"""

(* Let $k$ be an infinite field and $n>0$ an integer. Then the action of $\mathrm{SO}_{2n+1}(k)$ on $\mathrm{Q}_{2n}(k)$ described in the context is transitive.
   Context: $\mathrm{Q}_{2n}$ is realized as the closed subscheme of $\mathbb{A}^{2n+2}_k$ given by $q_{2n+2}=0$ and $t_{2n+2}=1$, where $q_{2n+2}=\sum_{i=1}^{n+1}x_ix_{n+1+i}$, $t_{2n+2}(x)=x_{n+1}+x_{2n+2}=B(x,1)$ with $B$ the polar bilinear form of $q_{2n+2}$ and $1$ the vector with $x_{n+1}=x_{2n+2}=1$, other coordinates $0$ (this scheme is isomorphic to the hypersurface $\sum_{i=1}^nx_ix_{n+i}=x_{2n+1}(1-x_{2n+1})$ in $\mathbb{A}^{2n+1}_k$). The group $\mathrm{SO}_{2n+1}$ (kernel of the determinant on the orthogonal group scheme $\mathrm{O}_{2n+1}$ of $q_{2n+1}=\sum_{i=1}^nx_ix_{n+i}+x_{2n+1}^2$) acts on $\mathbb{A}^{2n+2}_k$ via the identification of $\mathrm{O}_{2n+1}$ with the stabilizer of $1$ in $\mathrm{GSO}_{2n+2}$ (the subgroup of similitudes of $q_{2n+2}$ generated by scalars and $\mathrm{SO}_{2n+2}$), using the embedding $(x_1,\dots,x_{2n+1})\mapsto(x_1,\dots,x_n,x_{2n+1},x_{n+1},\dots,x_{2n},x_{2n+1})$; this action preserves $q_{2n+2}$ and $t_{2n+2}$, hence $\mathrm{Q}_{2n}$. *)

theory Defs
  imports "Jordan_Normal_Form.DL_Rank"
begin

text \<open>Vectors of k^(2n+2) are JNF vectors of dimension 2n+2, indexed 0..2n+1
  (paper coordinate x_i is entry i-1).\<close>

definition q2 :: "nat \<Rightarrow> 'a::field vec \<Rightarrow> 'a" where
  "q2 n x = (\<Sum>i<n+1. x $ i * x $ (n+1+i))"

definition t2 :: "nat \<Rightarrow> 'a::field vec \<Rightarrow> 'a" where
  "t2 n x = x $ n + x $ (2*n+1)"

definition one_vec :: "nat \<Rightarrow> 'a::field vec" where
  "one_vec n = vec (2*n+2) (\<lambda>i. if i = n \<or> i = 2*n+1 then 1 else 0)"

definition Q_points :: "nat \<Rightarrow> 'a::field vec set" where
  "Q_points n = {x \<in> carrier_vec (2*n+2). q2 n x = 0 \<and> t2 n x = 1}"

definition O_even :: "nat \<Rightarrow> 'a::field mat set" where
  "O_even n = {M \<in> carrier_mat (2*n+2) (2*n+2). invertible_mat M \<and>
      (\<forall>x \<in> carrier_vec (2*n+2). q2 n (M *\<^sub>v x) = q2 n x)}"

text \<open>SO_{2n+2}(k): kernel of the Dickson invariant, computed characteristic-freely
  as rank(M - 1) mod 2 (equals the determinant condition in characteristic not 2).\<close>
definition SO_even :: "nat \<Rightarrow> 'a::field mat set" where
  "SO_even n = {M \<in> O_even n.
      even (vec_space.rank (2*n+2) (M - 1\<^sub>m (2*n+2)))}"

text \<open>Image of SO_{2n+1}(k) acting on k^(2n+2): the stabiliser of 1 in GSO_{2n+2}(k),
  which (as a fixed point of 1 forces multiplier 1) is the stabiliser of 1 in SO_{2n+2}(k).\<close>
definition SO_odd_image :: "nat \<Rightarrow> 'a::field mat set" where
  "SO_odd_image n = {M \<in> SO_even n. M *\<^sub>v one_vec n = one_vec n}"

end

theory Submission
  imports Defs "Jordan_Normal_Form.DL_Rank_Submatrix" "HOL-Computational_Algebra.Polynomial"
begin

(* Write B for the polar form of q2 and 1 for one_vec n, so that t2 = B(-, 1) and q2 1 = 1.
  For anisotropic a the reflection r_a z = z - B(z, a) / q2 a * a preserves q2 and fixes the
  orthogonal complement of a.  If a and c are anisotropic, orthogonal to 1 and linearly
  independent, then r_a r_c - 1 is a sum of two rank-one matrices with image span {a, c}, so it
  has rank 2; hence r_a r_c has trivial Dickson invariant, fixes 1, and lies in SO_odd_image.

  Given x <> y in Q, pick an anisotropic a orthogonal to 1 such that c = x - r_a y is anisotropic.
  As x and r_a y are isotropic with t2 = 1, the reflection r_c maps x to r_a y and c is
  orthogonal to 1, so r_a r_c maps x to y (and a, c are independent, as otherwise r_a r_c = 1).
  The condition q2 c <> 0 reads B(a,x) B(a,y) <> B(x,y) q2 a: if B(x,y) <> 0 any such a that is
  also orthogonal to y works, and if B(x,y) = 0 a generic a in the hyperplane t2 = 0 works,
  which is where k has to be infinite. *)

section \<open>Matrices of rank two\<close>

lemma mult_mat_vec_unit_vec_index:
  fixes A :: "'a::semiring_1 mat"
  shows "A \<in> carrier_mat nr nc \<Longrightarrow> i < nr \<Longrightarrow> j < nc \<Longrightarrow> (A *\<^sub>v unit_vec nc j) $ i = A $$ (i,j)"
  by auto

lemma det_dim_2:
  assumes "(A :: 'a::comm_ring_1 mat) \<in> carrier_mat 2 2"
  shows "det A = A $$ (0,0) * A $$ (1,1) - A $$ (0,1) * A $$ (1,0)"
proof -
  have "det A = A $$ (0,0) * cofactor A 0 0 + A $$ (0,1) * cofactor A 0 1"
    using laplace_expansion_row[OF assms, of 0] by (simp add: numeral_2_eq_2)
  moreover have "cofactor A 0 0 = A $$ (1,1)" "cofactor A 0 1 = - A $$ (1,0)"
    unfolding cofactor_def using assms
    by (subst det_single; force simp: mat_delete_def)+
  ultimately show ?thesis by simp
qed

lemma pick_doubleton:
  assumes "(a::nat) < b"
  shows "pick {a,b} 0 = a" "pick {a,b} (Suc 0) = b"
proof -
  show first: "pick {a,b} 0 = a"
    using assms by (auto intro!: Least_equality)
  show "pick {a,b} (Suc 0) = b"
    unfolding pick.simps(2) first using assms by (auto intro!: Least_equality)
qed

lemma rank_ge_2_if_minor_ne_0:
  fixes A :: "'a::field mat"
  assumes A: "A \<in> carrier_mat N K"
    and r: "r1 < N" "r2 < N" and j: "j1 < K" "j2 < K"
    and minor: "A $$ (r1,j1) * A $$ (r2,j2) - A $$ (r1,j2) * A $$ (r2,j1) \<noteq> 0"
  shows "2 \<le> vec_space.rank N A"
proof -
  define s1 s2 t1 t2 where "s1 = min r1 r2" "s2 = max r1 r2" "t1 = min j1 j2" "t2 = max j1 j2"
  have "r1 \<noteq> r2" "j1 \<noteq> j2" using minor by auto
  then have st: "s1 < s2" "t1 < t2" unfolding s1_s2_t1_t2_def by auto
  have "A $$ (s1,t1) * A $$ (s2,t2) - A $$ (s1,t2) * A $$ (s2,t1)
      \<in> {A $$ (r1,j1) * A $$ (r2,j2) - A $$ (r1,j2) * A $$ (r2,j1),
         - (A $$ (r1,j1) * A $$ (r2,j2) - A $$ (r1,j2) * A $$ (r2,j1))}"
    unfolding s1_s2_t1_t2_def by (cases "r1 \<le> r2"; cases "j1 \<le> j2") (simp_all add: algebra_simps)
  with minor have minor': "A $$ (s1,t1) * A $$ (s2,t2) - A $$ (s1,t2) * A $$ (s2,t1) \<noteq> 0"
    by auto
  let ?S = "submatrix A {s1,s2} {t1,t2}"
  have rows: "{i. i < dim_row A \<and> i \<in> {s1,s2}} = {s1,s2}"
    and cols: "{i. i < dim_col A \<and> i \<in> {t1,t2}} = {t1,t2}"
    using A r j unfolding s1_s2_t1_t2_def by auto
  have card: "card {s1,s2} = 2" "card {t1,t2} = 2" using st by auto
  have S: "?S \<in> carrier_mat 2 2"
    by (rule carrier_matI) (simp_all only: dim_submatrix rows cols card)
  have "?S $$ (k,l) = A $$ (pick {s1,s2} k, pick {t1,t2} l)" if "k < 2" "l < 2" for k l
    using that by (intro submatrix_index) (simp_all only: rows cols card)
  then have "det ?S = A $$ (s1,t1) * A $$ (s2,t2) - A $$ (s1,t2) * A $$ (s2,t1)"
    using st by (simp add: det_dim_2[OF S] pick_doubleton del: pick.simps)
  with minor' vec_space.rank_gt_minor[OF A] have "card {k. k < K \<and> k \<in> {t1,t2}} \<le> vec_space.rank N A"
    by metis
  then show ?thesis
    using cols A card by simp
qed

lemma rank_sum_of_two_rank_one:
  fixes A :: "'a::field mat"
  assumes A: "A \<in> carrier_mat N K"
    and entries: "\<And>r j. r < N \<Longrightarrow> j < K \<Longrightarrow> A $$ (r,j) = u r * w j + u' r * w' j"
    and rows: "i < N" "i' < N" "u i * u' i' - u' i * u i' \<noteq> 0"
    and cols: "k < K" "k' < K" "w k * w' k' - w' k * w k' \<noteq> 0"
  shows "vec_space.rank N A = 2"
proof -
  define A1 A2 where "A1 = mat N K (\<lambda>(r,j). u r * w j)" "A2 = mat N K (\<lambda>(r,j). u' r * w' j)"
  have A12: "A1 \<in> carrier_mat N K" "A2 \<in> carrier_mat N K" unfolding A1_A2_def by auto
  have "A = A1 + A2"
    using A by (intro eq_matI) (auto simp: A1_A2_def entries)
  moreover have "vec_space.rank N A1 \<le> 1" "vec_space.rank N A2 \<le> 1"
    by (rule vec_space.rank_le_1_product_entries[OF A12(1), of u w], simp add: A1_A2_def)
      (rule vec_space.rank_le_1_product_entries[OF A12(2), of u' w'], simp add: A1_A2_def)
  ultimately have "vec_space.rank N A \<le> 2"
    using vec_space.rank_subadditive[OF A12] by simp
  moreover have "A $$ (i,k) * A $$ (i',k') - A $$ (i,k') * A $$ (i',k)
      = (u i * u' i' - u' i * u i') * (w k * w' k' - w' k * w k')"
    using rows cols by (simp add: entries algebra_simps)
  then have "2 \<le> vec_space.rank N A"
    using rows cols by (intro rank_ge_2_if_minor_ne_0[OF A rows(1,2) cols(1,2)]) simp
  ultimately show ?thesis by simp
qed

lemma vec_parallel_if_minors_vanish:
  fixes a c :: "'a::field vec"
  assumes a: "a \<in> carrier_vec N" and c: "c \<in> carrier_vec N" and i: "i < N" "a $ i \<noteq> 0"
    and minors: "\<And>r1 r2. r1 < N \<Longrightarrow> r2 < N \<Longrightarrow> c$r1 * a$r2 - a$r1 * c$r2 = 0"
  shows "c = (c$i / a$i) \<cdot>\<^sub>v a"
proof (rule eq_vecI)
  fix r assume "r < dim_vec ((c$i / a$i) \<cdot>\<^sub>v a)"
  then have "r < N" using a by simp
  with minors[OF i(1) this] show "c $ r = ((c$i / a$i) \<cdot>\<^sub>v a) $ r"
    using a i by (simp add: field_simps)
qed (use a c in simp)

section \<open>Functions that are polynomial along lines\<close>

definition poly_on_lines :: "nat \<Rightarrow> ('a::field vec \<Rightarrow> 'a) \<Rightarrow> bool" where
  "poly_on_lines N f \<longleftrightarrow>
     (\<forall>p \<in> carrier_vec N. \<forall>v \<in> carrier_vec N. \<exists>P. \<forall>t. f (p + t \<cdot>\<^sub>v v) = poly P t)"

lemma poly_on_lines_mult:
  assumes f: "poly_on_lines N f" and g: "poly_on_lines N g"
  shows "poly_on_lines N (\<lambda>z. f z * g z)"
  unfolding poly_on_lines_def
proof (intro ballI)
  fix p v :: "'a vec" assume "p \<in> carrier_vec N" "v \<in> carrier_vec N"
  then obtain P Q where "\<And>t. f (p + t \<cdot>\<^sub>v v) = poly P t" "\<And>t. g (p + t \<cdot>\<^sub>v v) = poly Q t"
    using f g unfolding poly_on_lines_def by meson
  then show "\<exists>R. \<forall>t. f (p + t \<cdot>\<^sub>v v) * g (p + t \<cdot>\<^sub>v v) = poly R t"
    by (intro exI[of _ "P * Q"]) simp
qed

"""

What is needed =
Search the entries for the string "such". Copy every line that has it.

Answer box =
  Given x <> y in Q, pick an anisotropic a orthogonal to 1 such that c = x - r_a y is anisotropic.
  The condition q2 c <> 0 reads B(a,x) B(a,y) <> B(x,y) q2 a: if B(x,y) <> 0 any such a that is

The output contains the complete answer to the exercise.